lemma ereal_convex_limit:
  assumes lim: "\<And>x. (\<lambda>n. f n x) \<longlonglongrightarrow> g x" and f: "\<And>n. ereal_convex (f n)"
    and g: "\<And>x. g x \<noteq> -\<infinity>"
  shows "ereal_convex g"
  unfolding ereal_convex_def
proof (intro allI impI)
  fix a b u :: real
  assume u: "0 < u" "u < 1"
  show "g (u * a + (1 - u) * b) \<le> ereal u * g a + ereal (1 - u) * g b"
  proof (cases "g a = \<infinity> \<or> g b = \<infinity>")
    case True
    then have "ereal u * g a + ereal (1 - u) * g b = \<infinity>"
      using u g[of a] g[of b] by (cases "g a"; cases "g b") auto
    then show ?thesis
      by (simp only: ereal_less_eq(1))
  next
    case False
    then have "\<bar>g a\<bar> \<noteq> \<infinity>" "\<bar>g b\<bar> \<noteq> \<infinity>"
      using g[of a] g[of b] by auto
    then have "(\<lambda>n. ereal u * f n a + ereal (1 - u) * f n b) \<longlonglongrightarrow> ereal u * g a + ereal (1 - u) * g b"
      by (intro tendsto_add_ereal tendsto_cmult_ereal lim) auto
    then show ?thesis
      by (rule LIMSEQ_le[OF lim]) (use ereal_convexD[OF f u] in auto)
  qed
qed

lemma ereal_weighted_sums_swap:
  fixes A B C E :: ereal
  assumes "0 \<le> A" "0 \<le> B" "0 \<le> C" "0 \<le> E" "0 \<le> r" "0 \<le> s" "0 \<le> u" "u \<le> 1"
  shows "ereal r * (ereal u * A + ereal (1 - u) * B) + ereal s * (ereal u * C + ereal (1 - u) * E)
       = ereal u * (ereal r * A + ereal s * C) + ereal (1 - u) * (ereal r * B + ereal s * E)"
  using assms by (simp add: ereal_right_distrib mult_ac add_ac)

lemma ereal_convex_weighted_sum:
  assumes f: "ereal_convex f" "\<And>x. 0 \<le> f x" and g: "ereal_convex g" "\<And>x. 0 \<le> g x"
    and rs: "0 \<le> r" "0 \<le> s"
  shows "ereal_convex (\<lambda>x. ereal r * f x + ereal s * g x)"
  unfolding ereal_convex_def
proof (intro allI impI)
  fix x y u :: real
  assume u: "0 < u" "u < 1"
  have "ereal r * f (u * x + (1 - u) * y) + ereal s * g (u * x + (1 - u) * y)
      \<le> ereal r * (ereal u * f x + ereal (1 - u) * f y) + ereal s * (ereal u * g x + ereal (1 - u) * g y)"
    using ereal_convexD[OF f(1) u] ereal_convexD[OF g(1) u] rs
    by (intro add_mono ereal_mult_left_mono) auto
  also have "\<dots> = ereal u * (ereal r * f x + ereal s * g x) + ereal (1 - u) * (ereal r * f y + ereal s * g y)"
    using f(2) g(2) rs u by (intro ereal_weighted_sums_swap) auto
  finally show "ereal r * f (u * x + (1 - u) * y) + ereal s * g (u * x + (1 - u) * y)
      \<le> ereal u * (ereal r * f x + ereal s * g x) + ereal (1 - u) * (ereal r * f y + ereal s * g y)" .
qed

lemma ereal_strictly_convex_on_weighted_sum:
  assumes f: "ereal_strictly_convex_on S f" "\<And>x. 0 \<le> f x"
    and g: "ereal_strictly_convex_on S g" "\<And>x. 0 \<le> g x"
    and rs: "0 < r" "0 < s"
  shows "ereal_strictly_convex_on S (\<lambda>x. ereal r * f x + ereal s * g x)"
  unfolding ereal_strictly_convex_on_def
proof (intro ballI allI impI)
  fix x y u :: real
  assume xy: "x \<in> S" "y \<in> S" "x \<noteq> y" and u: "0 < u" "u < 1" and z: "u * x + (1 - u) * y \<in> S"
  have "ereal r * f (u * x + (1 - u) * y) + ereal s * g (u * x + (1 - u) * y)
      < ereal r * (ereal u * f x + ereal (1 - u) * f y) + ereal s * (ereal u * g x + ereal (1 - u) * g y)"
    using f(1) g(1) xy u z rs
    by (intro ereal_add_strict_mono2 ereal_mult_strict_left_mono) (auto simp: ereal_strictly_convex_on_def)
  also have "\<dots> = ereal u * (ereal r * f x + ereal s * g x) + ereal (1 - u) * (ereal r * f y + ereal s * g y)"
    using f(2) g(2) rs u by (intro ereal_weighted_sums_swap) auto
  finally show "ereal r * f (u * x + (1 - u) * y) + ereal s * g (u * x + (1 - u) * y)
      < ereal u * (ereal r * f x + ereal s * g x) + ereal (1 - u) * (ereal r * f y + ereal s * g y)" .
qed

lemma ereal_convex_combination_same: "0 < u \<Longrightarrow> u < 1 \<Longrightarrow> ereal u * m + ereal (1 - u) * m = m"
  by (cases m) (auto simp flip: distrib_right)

--

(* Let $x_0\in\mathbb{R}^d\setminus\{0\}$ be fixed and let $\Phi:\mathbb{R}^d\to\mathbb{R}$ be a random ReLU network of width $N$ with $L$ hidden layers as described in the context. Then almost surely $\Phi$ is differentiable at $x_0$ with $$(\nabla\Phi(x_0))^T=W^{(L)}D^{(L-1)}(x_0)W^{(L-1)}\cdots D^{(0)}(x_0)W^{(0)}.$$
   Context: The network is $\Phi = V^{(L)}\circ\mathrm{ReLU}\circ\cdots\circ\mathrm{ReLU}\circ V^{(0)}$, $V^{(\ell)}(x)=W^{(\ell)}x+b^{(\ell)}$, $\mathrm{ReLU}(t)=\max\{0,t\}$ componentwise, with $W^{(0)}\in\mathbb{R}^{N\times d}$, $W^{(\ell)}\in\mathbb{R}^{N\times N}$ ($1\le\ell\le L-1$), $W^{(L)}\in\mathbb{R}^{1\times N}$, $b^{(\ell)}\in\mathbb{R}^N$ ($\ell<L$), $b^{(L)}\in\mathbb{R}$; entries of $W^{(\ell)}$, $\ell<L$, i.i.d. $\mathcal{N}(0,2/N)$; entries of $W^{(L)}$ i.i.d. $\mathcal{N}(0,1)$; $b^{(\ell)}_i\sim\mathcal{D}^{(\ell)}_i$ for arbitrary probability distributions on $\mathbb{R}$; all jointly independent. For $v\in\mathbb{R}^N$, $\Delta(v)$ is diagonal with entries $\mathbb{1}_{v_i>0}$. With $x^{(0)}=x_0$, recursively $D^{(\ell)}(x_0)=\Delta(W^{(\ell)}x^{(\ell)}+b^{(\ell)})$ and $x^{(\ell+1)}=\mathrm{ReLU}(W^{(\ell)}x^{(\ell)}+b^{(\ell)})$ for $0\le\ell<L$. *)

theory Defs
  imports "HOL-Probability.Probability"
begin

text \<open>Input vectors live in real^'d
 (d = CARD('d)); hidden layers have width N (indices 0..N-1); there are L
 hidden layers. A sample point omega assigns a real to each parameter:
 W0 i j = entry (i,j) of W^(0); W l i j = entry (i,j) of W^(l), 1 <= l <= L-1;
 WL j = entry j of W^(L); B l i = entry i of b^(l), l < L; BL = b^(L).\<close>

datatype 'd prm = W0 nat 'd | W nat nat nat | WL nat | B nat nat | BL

...

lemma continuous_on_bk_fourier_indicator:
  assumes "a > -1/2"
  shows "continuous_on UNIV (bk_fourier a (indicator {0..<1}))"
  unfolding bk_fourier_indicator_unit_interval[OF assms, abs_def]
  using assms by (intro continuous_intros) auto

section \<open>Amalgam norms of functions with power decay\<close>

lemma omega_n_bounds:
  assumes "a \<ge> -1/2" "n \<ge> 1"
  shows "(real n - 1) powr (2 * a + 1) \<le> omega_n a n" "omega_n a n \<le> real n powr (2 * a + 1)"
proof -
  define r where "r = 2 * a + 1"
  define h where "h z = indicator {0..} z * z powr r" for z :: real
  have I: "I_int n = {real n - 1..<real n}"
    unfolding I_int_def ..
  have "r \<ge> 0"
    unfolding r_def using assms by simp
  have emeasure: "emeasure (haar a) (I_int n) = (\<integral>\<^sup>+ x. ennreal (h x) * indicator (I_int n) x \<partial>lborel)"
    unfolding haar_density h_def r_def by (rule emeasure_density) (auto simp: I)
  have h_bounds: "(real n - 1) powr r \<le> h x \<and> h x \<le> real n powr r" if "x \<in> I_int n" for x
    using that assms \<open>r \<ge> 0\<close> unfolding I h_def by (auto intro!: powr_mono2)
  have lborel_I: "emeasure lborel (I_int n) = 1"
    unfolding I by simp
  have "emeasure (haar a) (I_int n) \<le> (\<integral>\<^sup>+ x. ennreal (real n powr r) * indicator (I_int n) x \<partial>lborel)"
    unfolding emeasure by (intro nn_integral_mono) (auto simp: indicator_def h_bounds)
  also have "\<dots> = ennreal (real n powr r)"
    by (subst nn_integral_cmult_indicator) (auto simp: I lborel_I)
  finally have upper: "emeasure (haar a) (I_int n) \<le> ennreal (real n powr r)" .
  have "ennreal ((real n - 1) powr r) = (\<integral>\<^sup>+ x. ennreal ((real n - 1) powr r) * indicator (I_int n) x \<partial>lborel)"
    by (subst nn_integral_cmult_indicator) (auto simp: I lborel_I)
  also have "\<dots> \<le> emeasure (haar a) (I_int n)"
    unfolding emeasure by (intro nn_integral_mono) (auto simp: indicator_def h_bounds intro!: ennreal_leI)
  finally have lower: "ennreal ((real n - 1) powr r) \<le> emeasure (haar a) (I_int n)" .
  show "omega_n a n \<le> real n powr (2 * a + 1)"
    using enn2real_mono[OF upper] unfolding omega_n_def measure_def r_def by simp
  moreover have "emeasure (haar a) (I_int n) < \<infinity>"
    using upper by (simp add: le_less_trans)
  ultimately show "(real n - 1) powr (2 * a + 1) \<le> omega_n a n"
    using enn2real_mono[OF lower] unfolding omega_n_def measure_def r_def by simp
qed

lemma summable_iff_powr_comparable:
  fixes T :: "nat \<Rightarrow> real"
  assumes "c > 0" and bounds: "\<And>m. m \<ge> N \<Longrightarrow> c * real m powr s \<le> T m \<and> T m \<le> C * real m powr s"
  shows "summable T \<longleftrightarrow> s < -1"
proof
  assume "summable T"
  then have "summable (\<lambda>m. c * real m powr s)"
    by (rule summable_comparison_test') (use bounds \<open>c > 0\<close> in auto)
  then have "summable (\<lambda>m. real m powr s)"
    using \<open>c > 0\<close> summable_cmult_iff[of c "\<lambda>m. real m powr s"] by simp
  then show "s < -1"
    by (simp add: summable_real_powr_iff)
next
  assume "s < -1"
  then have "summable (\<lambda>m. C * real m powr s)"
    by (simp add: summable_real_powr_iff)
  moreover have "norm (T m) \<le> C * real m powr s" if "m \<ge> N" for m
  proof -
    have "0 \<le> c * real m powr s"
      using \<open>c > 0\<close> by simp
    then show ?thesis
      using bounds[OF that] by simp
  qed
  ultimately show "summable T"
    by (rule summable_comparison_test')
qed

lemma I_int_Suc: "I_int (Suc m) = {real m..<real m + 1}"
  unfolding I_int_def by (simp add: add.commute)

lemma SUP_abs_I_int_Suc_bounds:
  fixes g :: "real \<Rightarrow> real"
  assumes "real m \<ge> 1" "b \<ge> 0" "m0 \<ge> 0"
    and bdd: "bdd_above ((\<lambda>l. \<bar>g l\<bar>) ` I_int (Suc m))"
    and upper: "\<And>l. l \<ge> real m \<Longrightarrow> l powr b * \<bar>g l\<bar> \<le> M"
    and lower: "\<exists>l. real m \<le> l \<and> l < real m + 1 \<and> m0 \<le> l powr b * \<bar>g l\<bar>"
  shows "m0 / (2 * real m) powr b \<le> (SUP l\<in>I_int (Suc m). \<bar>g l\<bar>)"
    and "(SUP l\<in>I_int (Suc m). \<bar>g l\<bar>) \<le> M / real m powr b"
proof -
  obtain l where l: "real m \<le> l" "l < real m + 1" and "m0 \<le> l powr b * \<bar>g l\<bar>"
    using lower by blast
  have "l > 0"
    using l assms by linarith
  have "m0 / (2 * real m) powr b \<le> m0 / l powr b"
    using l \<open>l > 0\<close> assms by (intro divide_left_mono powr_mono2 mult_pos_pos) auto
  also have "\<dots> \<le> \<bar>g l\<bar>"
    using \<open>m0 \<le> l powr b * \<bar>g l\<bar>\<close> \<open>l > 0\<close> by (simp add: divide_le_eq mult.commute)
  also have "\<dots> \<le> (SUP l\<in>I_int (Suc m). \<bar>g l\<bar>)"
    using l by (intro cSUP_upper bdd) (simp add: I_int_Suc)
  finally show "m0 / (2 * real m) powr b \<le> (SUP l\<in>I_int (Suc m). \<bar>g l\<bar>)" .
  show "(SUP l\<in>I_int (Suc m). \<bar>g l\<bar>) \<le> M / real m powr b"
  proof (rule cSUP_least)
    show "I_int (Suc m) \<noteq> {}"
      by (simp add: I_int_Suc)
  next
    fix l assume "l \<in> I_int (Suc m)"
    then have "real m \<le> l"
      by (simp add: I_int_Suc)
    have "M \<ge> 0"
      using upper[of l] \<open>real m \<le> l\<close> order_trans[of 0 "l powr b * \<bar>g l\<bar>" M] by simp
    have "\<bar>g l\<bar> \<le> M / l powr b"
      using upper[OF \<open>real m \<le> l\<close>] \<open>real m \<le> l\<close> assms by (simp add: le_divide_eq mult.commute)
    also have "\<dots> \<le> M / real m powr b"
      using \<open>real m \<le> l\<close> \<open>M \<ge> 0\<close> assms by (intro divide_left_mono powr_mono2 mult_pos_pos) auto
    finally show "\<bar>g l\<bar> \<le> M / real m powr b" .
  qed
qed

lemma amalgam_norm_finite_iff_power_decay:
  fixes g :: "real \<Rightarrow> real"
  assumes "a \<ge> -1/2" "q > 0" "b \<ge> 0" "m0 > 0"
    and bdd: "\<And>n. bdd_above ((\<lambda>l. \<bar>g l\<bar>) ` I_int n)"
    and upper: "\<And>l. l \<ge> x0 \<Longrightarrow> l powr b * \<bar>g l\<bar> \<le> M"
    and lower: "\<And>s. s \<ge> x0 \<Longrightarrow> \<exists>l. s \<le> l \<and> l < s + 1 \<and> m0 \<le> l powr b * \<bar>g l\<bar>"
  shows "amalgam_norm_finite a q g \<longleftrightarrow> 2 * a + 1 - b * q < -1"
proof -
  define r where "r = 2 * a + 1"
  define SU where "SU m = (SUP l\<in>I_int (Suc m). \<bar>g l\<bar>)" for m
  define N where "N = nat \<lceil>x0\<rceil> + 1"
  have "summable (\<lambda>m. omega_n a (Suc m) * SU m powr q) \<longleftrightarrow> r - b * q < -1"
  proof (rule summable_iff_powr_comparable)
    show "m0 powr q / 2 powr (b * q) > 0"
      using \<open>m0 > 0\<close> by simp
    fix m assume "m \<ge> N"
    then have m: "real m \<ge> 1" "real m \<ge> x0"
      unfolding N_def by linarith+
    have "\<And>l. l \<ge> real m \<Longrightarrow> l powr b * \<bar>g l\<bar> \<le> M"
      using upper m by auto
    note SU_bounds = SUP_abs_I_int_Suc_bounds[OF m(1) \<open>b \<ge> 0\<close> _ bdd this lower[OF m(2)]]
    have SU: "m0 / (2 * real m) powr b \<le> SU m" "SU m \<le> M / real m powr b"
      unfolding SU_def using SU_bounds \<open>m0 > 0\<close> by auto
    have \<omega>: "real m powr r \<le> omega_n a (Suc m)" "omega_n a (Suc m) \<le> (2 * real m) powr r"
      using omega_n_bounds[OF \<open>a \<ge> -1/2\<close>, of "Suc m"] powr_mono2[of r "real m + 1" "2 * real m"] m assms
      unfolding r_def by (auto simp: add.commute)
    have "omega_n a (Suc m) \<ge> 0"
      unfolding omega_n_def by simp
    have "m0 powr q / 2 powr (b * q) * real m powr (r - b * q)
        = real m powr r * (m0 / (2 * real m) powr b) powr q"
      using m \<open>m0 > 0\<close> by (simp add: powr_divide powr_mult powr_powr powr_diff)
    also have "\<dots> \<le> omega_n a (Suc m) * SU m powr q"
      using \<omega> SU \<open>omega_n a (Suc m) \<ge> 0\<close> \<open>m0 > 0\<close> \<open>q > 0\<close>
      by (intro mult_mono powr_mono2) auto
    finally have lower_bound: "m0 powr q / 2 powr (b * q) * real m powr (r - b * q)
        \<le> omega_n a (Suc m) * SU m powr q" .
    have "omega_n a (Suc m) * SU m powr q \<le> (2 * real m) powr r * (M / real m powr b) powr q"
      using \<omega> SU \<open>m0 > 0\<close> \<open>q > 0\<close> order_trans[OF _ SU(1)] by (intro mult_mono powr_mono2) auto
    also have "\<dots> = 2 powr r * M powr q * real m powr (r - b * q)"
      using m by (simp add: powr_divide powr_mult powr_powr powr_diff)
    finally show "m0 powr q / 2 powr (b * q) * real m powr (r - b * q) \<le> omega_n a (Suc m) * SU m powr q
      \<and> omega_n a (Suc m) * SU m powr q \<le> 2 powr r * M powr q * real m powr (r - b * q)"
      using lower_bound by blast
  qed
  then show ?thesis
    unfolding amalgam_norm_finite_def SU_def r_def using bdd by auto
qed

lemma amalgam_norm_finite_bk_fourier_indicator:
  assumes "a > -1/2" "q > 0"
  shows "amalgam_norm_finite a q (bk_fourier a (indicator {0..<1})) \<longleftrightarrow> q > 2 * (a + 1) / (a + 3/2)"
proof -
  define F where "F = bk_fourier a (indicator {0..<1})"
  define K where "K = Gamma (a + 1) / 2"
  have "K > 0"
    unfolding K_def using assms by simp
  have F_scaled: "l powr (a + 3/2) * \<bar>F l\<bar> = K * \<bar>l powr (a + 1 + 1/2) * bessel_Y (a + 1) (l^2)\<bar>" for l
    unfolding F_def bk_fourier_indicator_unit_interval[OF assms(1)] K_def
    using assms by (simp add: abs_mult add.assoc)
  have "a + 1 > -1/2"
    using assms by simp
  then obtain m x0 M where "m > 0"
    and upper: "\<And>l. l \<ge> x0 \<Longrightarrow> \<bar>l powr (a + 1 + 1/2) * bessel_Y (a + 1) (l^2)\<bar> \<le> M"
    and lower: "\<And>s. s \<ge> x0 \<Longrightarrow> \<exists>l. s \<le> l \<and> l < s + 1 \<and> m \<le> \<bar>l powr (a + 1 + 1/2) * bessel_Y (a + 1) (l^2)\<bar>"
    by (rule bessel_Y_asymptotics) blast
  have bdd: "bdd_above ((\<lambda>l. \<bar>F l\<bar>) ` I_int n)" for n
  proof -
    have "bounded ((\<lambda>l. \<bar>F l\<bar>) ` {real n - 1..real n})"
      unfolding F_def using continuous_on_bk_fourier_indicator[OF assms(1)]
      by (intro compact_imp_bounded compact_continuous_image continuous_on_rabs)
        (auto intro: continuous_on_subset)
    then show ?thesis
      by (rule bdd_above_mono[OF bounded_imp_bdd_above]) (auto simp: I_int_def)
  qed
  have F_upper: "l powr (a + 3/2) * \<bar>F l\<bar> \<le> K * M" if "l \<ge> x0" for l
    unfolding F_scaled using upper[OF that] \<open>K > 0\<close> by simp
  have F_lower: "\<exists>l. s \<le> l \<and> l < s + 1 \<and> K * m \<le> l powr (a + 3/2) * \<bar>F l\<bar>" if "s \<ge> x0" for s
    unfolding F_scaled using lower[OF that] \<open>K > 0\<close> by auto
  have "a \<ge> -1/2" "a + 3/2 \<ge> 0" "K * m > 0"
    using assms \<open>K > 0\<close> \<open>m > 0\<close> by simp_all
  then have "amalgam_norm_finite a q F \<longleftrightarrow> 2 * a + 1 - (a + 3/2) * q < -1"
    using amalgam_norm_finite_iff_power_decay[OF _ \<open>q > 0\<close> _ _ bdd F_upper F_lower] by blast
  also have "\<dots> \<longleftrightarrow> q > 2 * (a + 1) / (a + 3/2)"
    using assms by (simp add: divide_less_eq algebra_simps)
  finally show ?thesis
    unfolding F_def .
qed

# TASK TO COMPLETE:
How many of the lines above include the string "fixes"? Reply with the number by itself.

# WRITTEN SOLUTION:
4